*** STORED DATA ***
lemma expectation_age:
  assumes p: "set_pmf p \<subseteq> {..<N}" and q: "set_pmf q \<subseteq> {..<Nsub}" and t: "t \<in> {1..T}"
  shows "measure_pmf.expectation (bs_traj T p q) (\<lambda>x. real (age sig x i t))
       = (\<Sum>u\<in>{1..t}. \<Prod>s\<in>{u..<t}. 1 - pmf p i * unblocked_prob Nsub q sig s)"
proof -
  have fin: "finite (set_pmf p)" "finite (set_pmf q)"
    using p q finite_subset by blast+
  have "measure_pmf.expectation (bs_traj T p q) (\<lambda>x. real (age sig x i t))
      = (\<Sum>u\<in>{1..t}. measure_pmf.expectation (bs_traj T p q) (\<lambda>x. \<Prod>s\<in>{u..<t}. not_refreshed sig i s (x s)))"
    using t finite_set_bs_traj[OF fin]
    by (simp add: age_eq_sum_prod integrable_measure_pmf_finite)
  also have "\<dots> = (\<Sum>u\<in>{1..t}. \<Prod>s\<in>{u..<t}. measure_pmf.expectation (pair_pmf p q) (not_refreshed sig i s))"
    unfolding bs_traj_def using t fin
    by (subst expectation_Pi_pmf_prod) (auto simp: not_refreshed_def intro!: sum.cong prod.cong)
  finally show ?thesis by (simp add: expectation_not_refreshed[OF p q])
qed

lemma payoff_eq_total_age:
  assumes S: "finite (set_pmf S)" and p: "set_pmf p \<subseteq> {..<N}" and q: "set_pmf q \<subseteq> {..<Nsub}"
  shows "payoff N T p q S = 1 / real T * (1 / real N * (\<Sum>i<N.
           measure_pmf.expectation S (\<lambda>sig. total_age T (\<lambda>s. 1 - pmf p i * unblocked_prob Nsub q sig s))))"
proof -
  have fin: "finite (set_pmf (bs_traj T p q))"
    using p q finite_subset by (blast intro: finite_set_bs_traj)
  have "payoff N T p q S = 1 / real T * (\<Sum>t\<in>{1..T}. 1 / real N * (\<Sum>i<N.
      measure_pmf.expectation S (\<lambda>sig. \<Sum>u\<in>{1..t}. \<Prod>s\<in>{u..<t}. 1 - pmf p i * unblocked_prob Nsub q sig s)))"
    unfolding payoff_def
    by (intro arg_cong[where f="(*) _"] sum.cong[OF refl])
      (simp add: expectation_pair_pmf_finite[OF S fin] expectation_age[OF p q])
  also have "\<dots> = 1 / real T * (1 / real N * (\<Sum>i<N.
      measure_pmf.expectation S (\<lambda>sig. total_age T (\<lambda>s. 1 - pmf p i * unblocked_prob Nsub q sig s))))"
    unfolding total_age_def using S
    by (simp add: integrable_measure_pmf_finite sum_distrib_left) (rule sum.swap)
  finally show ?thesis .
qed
***
WHAT THE EXERCISE ASKS => What lines in the listing contain "cong"? Copy them all.

SOLVED PROBLEM =>
    by (subst expectation_Pi_pmf_prod) (auto simp: not_refreshed_def intro!: sum.cong prod.cong)
    by (intro arg_cong[where f="(*) _"] sum.cong[OF refl])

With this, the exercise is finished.